:: Listed entries ::
--- --- ---
(* Let $t_0\overset{i_1}{-}t_1\overset{i_2}{-}\cdots\overset{i_k}{-}t_k$ be a path in $\mathbb T_n$ and let $h_1,\dots,h_k$ be integers. Then $$\prod_{j=1}^{k}L_j^{h_j}=\sum\ \prod_{j=1}^{k}\Bigg(\begin{Bmatrix}h_j+\sum_{l=j+1}^{k}\sum_{s=1}^{r_{(l)}}s\,n_s^l\,(\hat{\mathbf c}_l^+,-d_{(j)}\mathbf c_j)_{D_0R}\\ n_0^j,n_1^j,\dots,n_{r_{(j)}}^j\end{Bmatrix}\prod_{s=1}^{r_{(j)}}z_{i_j,s}^{n_s^j}\Bigg)\hat{\mathbf y}^{\sum_{j=1}^{k}\left(\sum_{s=1}^{r_{(j)}}s\,n_s^j\right)\mathbf c_j^+},$$ the sum taken over all tuples of nonnegative integers $(n_0^1,n_1^1,\dots,n_{r_{(1)}}^1;\dots;n_0^k,n_1^k,\dots,n_{r_{(k)}}^k)$ (as an identity of formal power series in $y_1,\dots,y_n$).
   Context: Notation: $n\ge1$; $[b]_+=\max(b,0)$. For $h\in\mathbb Z$ and $n_0,\dots,n_l\in\mathbb Z_{\ge0}$, $\begin{Bmatrix}h\\ n_0,n_1,\dots,n_l\end{Bmatrix}:=\binom{h}{n_0}\binom{n_0}{n_1,\dots,n_l}$ with $\binom{h}{n_0}=h(h-1)\cdots(h-n_0+1)/n_0!$ and the multinomial coefficient taken to be $0$ if $n_0\ne n_1+\cdots+n_l$. $\mathbb T_n$: $n$-regular tree with edges labeled $1,\dots,n$, distinct labels at each vertex; $t\overset{k}{-}t'$ an edge labeled $k$; $t_0$ root. Positive integers $r_1,\dots,r_n$, $R=\mathrm{diag}(r_i)$. Formal variables $y_1,\dots,y_n$, $z_{i,s}$ ($1\le s\le r_i-1$), $z_{i,s}=z_{i,r_i-s}$, $z_{i,0}=z_{i,r_i}=1$. $B=(b_{ij})$ skew-symmetrizable integer $n\times n$; $\hat y_i=y_i\prod_jx_j^{b_{ji}}$ for variables $x_1,\dots,x_n$, $\hat{\mathbf y}^{\mathbf a}=\prod\hat y_i^{a_i}$. Matrices: $B_{t_0}=B$, $C_{t_0}=I_n$; for $t\overset{k}{-}t'$ ($\varepsilon=\pm1$, independent): $b_{ij;t'}=-b_{ij;t}$ if $i=k$ or $j=k$, else $b_{ij;t}+r_k([-\varepsilon b_{ik;t}]_+b_{kj;t}+b_{ik;t}[\varepsilon b_{kj;t}]_+)$; $c_{ij;t'}=-c_{ij;t}$ if $j=k$, else $c_{ij;t}+r_k(c_{ik;t}[\varepsilon b_{kj;t}]_++[-\varepsilon c_{ik;t}]_+b_{kj;t})$. The columns $\mathbf c_{k;t}$ of $C_t$ are sign-coherent (nonzero, entries all $\ge0$ or all $\le0$) with sign $\varepsilon_{k;t}$. Form: $D_0$ positive integer diagonal with $D_0RB$ skew-symmetric, $D_0R=\mathrm{diag}(d_1^{-1},\dots,d_n^{-1})$, $(\mathbf u,\mathbf v)_{D_0R}=\mathbf u^TD_0R\mathbf v$. Path data: $d_{(j)}=d_{i_j}$, $r_{(j)}=r_{i_j}$, $\mathbf c_j=\mathbf c_{i_j;t_{j-1}}$, $\mathbf c_j^+=\varepsilon_{i_j;t_{j-1}}\mathbf c_j$ (a nonzero nonnegative vector), $\hat{\mathbf c}_j^+=B\mathbf c_j^+$. $L_1=\sum_{s=0}^{r_{(1)}}z_{i_1,s}(\hat{\mathbf y}^{\mathbf c_1^+})^s$; for $2\le l\le k$, $L_l=\sum_{s=0}^{r_{(l)}}z_{i_l,s}\big(\hat{\mathbf y}^{\mathbf c_l^+}\prod_{j=1}^{l-1}L_j^{-(\hat{\mathbf c}_l^+,d_{(j)}\mathbf c_j)_{D_0R}}\big)^s$. Each $L_j$ is a formal power series in $y_1,\dots,y_n$ (coefficients Laurent polynomials in $x$ and polynomials in $z$) with constant term $1$, so all powers are defined. *)

theory Defs
  imports Complex_Main "HOL-Library.Groups_Big_Fun"
begin

text \<open>A formal power series in the variables y_v (v :: 'n) with coefficients in a
commutative ring 'a is represented by its coefficient function on exponent vectors.\<close>

type_synonym ('n, 'a) mps = "('n \<Rightarrow> nat) \<Rightarrow> 'a"

definition ps_one :: "('n, 'a::comm_ring_1) mps" where
  "ps_one m = (if m = (\<lambda>_. 0) then 1 else 0)"

definition ps_mult :: "('n::finite, 'a::comm_ring_1) mps \<Rightarrow> ('n, 'a) mps \<Rightarrow> ('n, 'a) mps" where
  "ps_mult f g m = (\<Sum>p\<in>{p. \<forall>v. p v \<le> m v}. f p * g (\<lambda>v. m v - p v))"

primrec ps_pow :: "('n::finite, 'a::comm_ring_1) mps \<Rightarrow> nat \<Rightarrow> ('n, 'a) mps" where
  "ps_pow f 0 = ps_one"
| "ps_pow f (Suc k) = ps_mult (ps_pow f k) f"

text \<open>Multiplicative inverse (unique when it exists, since the product is commutative).\<close>
definition ps_inv :: "('n::finite, 'a::comm_ring_1) mps \<Rightarrow> ('n, 'a) mps" where
  "ps_inv f = (THE g. ps_mult f g = ps_one)"

definition ps_powi :: "('n::finite, 'a::comm_ring_1) mps \<Rightarrow> int \<Rightarrow> ('n, 'a) mps" where
  "ps_powi f h = (if 0 \<le> h then ps_pow f (nat h) else ps_pow (ps_inv f) (nat (- h)))"

primrec ps_prod_upto :: "(nat \<Rightarrow> ('n::finite, 'a::comm_ring_1) mps) \<Rightarrow> nat \<Rightarrow> ('n, 'a) mps" where
  "ps_prod_upto F 0 = ps_one"
| "ps_prod_upto F (Suc k) = ps_mult (ps_prod_upto F k) (F (Suc k))"

text \<open>x_j^e for an integer e, where xi j is the inverse of x j.\<close>
definition xpow :: "('n \<Rightarrow> 'a::comm_ring_1) \<Rightarrow> ('n \<Rightarrow> 'a) \<Rightarrow> 'n \<Rightarrow> int \<Rightarrow> 'a" where
  "xpow x xi j e = (if 0 \<le> e then x j ^ nat e else xi j ^ nat (- e))"

definition xmon :: "('n::finite \<Rightarrow> 'a::comm_ring_1) \<Rightarrow> ('n \<Rightarrow> 'a) \<Rightarrow> ('n \<Rightarrow> int) \<Rightarrow> 'a" where
  "xmon x xi e = (\<Prod>j\<in>UNIV. xpow x xi j (e j))"

text \<open>yhat^a = prod_i (y_i prod_j x_j^(b_ji))^(a_i) = y^a x^(B a), for a nonnegative vector a.\<close>
definition yhat :: "('n::finite \<Rightarrow> 'n \<Rightarrow> int) \<Rightarrow> ('n \<Rightarrow> 'a::comm_ring_1) \<Rightarrow> ('n \<Rightarrow> 'a)
                    \<Rightarrow> ('n \<Rightarrow> nat) \<Rightarrow> ('n, 'a) mps" where
  "yhat B x xi a m = (if m = a then xmon x xi (\<lambda>j. \<Sum>i\<in>UNIV. B j i * int (a i)) else 0)"

definition posp :: "int \<Rightarrow> int" where "posp b = max b 0"

text \<open>Mutation in direction k with sign \<epsilon> (the result does not depend on \<epsilon>; we use \<epsilon> = 1).\<close>
definition mut_B :: "('n \<Rightarrow> nat) \<Rightarrow> int \<Rightarrow> 'n \<Rightarrow> ('n \<Rightarrow> 'n \<Rightarrow> int) \<Rightarrow> ('n \<Rightarrow> 'n \<Rightarrow> int)" where
  "mut_B r \<epsilon> k Bm i j =
     (if i = k \<or> j = k then - Bm i j
      else Bm i j + int (r k) * (posp (- \<epsilon> * Bm i k) * Bm k j + Bm i k * posp (\<epsilon> * Bm k j)))"

definition mut_C :: "('n \<Rightarrow> nat) \<Rightarrow> int \<Rightarrow> 'n \<Rightarrow> ('n \<Rightarrow> 'n \<Rightarrow> int) \<Rightarrow> ('n \<Rightarrow> 'n \<Rightarrow> int)
                      \<Rightarrow> ('n \<Rightarrow> 'n \<Rightarrow> int)" where
  "mut_C r \<epsilon> k Bm Cm i j =
     (if j = k then - Cm i j
      else Cm i j + int (r k) * (Cm i k * posp (\<epsilon> * Bm k j) + posp (- \<epsilon> * Cm i k) * Bm k j))"

text \<open>(B_{t_j}, C_{t_j}) along the path t_0 -i_1- t_1 -i_2- ... (the label of the j-th edge is ii j).\<close>
primrec BC_path :: "('n \<Rightarrow> nat) \<Rightarrow> ('n \<Rightarrow> 'n \<Rightarrow> int) \<Rightarrow> (nat \<Rightarrow> 'n) \<Rightarrow> nat
                    \<Rightarrow> ('n \<Rightarrow> 'n \<Rightarrow> int) \<times> ('n \<Rightarrow> 'n \<Rightarrow> int)" where
  "BC_path r B ii 0 = (B, (\<lambda>i j. if i = j then 1 else 0))"
| "BC_path r B ii (Suc j) =
     (let (Bm, Cm) = BC_path r B ii j
      in (mut_B r 1 (ii (Suc j)) Bm, mut_C r 1 (ii (Suc j)) Bm Cm))"

text \<open>c_j = c_{i_j; t_{j-1}} (for j \<ge> 1).\<close>
definition cvec :: "('n \<Rightarrow> nat) \<Rightarrow> ('n \<Rightarrow> 'n \<Rightarrow> int) \<Rightarrow> (nat \<Rightarrow> 'n) \<Rightarrow> nat \<Rightarrow> ('n \<Rightarrow> int)" where
  "cvec r B ii j = (\<lambda>m. snd (BC_path r B ii (j - 1)) m (ii j))"

definition sign_coherent :: "('n \<Rightarrow> int) \<Rightarrow> bool" where
  "sign_coherent c \<longleftrightarrow> c \<noteq> (\<lambda>_. 0) \<and> ((\<forall>m. 0 \<le> c m) \<or> (\<forall>m. c m \<le> 0))"

definition sgn_vec :: "('n \<Rightarrow> int) \<Rightarrow> int" where
  "sgn_vec c = (if \<forall>m. 0 \<le> c m then 1 else -1)"

definition cplus :: "('n \<Rightarrow> nat) \<Rightarrow> ('n \<Rightarrow> 'n \<Rightarrow> int) \<Rightarrow> (nat \<Rightarrow> 'n) \<Rightarrow> nat \<Rightarrow> ('n \<Rightarrow> int)" where
  "cplus r B ii j = (\<lambda>m. sgn_vec (cvec r B ii j) * cvec r B ii j m)"

definition form_D0R :: "('n::finite \<Rightarrow> int) \<Rightarrow> ('n \<Rightarrow> nat) \<Rightarrow> ('n \<Rightarrow> rat) \<Rightarrow> ('n \<Rightarrow> rat) \<Rightarrow> rat" where
  "form_D0R D0 r u v = (\<Sum>m\<in>UNIV. u m * of_int (D0 m * int (r m)) * v m)"

text \<open>d_i with D_0 R = diag(d_1^{-1}, ..., d_n^{-1}).\<close>
definition dd :: "('n \<Rightarrow> int) \<Rightarrow> ('n \<Rightarrow> nat) \<Rightarrow> 'n \<Rightarrow> rat" where
  "dd D0 r i = 1 / of_int (D0 i * int (r i))"

text \<open>Q l j = (chat_l^+, d_(j) c_j)_{D_0 R}, where chat_l^+ = B c_l^+.\<close>
definition Qpair :: "('n::finite \<Rightarrow> int) \<Rightarrow> ('n \<Rightarrow> nat) \<Rightarrow> ('n \<Rightarrow> 'n \<Rightarrow> int) \<Rightarrow> (nat \<Rightarrow> 'n)
                     \<Rightarrow> nat \<Rightarrow> nat \<Rightarrow> rat" where
  "Qpair D0 r B ii l j =
     form_D0R D0 r (\<lambda>m. of_int (\<Sum>q\<in>UNIV. B m q * cplus r B ii l q))
                   (\<lambda>m. dd D0 r (ii j) * of_int (cvec r B ii j m))"

text \<open>The same pairing as an integer (it is an integer; see the hypothesis of the theorem).\<close>
definition Eint :: "('n::finite \<Rightarrow> int) \<Rightarrow> ('n \<Rightarrow> nat) \<Rightarrow> ('n \<Rightarrow> 'n \<Rightarrow> int) \<Rightarrow> (nat \<Rightarrow> 'n)
                     \<Rightarrow> nat \<Rightarrow> nat \<Rightarrow> int" where
  "Eint D0 r B ii l j = \<lfloor>Qpair D0 r B ii l j\<rfloor>"

text \<open>Lfam ... l j = L_j for 1 \<le> j \<le> l. L_l = sum_{s=0}^{r_(l)} z_{i_l,s} w_l^s with
  w_l = yhat^{c_l^+} prod_{j<l} L_j^{-(chat_l^+, d_(j) c_j)}.\<close>
primrec Lfam :: "('n::finite \<Rightarrow> int) \<Rightarrow> ('n \<Rightarrow> nat) \<Rightarrow> ('n \<Rightarrow> 'n \<Rightarrow> int) \<Rightarrow> (nat \<Rightarrow> 'n)
                 \<Rightarrow> ('n \<Rightarrow> 'a::comm_ring_1) \<Rightarrow> ('n \<Rightarrow> 'a) \<Rightarrow> ('n \<Rightarrow> nat \<Rightarrow> 'a)
                 \<Rightarrow> nat \<Rightarrow> nat \<Rightarrow> ('n, 'a) mps" where
  "Lfam D0 r B ii x xi z 0 = (\<lambda>_. ps_one)"
| "Lfam D0 r B ii x xi z (Suc l) =
     (let prev = Lfam D0 r B ii x xi z l;
          w = ps_mult (yhat B x xi (\<lambda>m. nat (cplus r B ii (Suc l) m)))
                      (ps_prod_upto (\<lambda>j. ps_powi (prev j) (- Eint D0 r B ii (Suc l) j)) l)
      in prev(Suc l := (\<lambda>mm. \<Sum>s\<in>{0..r (ii (Suc l))}. z (ii (Suc l)) s * ps_pow w s mm)))"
--- --- ---
:: Task to carry out ::
Pull out every line in the material above where "cplus" occurs.

:: Solution ::
definition cplus :: "('n \<Rightarrow> nat) \<Rightarrow> ('n \<Rightarrow> 'n \<Rightarrow> int) \<Rightarrow> (nat \<Rightarrow> 'n) \<Rightarrow> nat \<Rightarrow> ('n \<Rightarrow> int)" where
  "cplus r B ii j = (\<lambda>m. sgn_vec (cvec r B ii j) * cvec r B ii j m)"
     form_D0R D0 r (\<lambda>m. of_int (\<Sum>q\<in>UNIV. B m q * cplus r B ii l q))
          w = ps_mult (yhat B x xi (\<lambda>m. nat (cplus r B ii (Suc l) m)))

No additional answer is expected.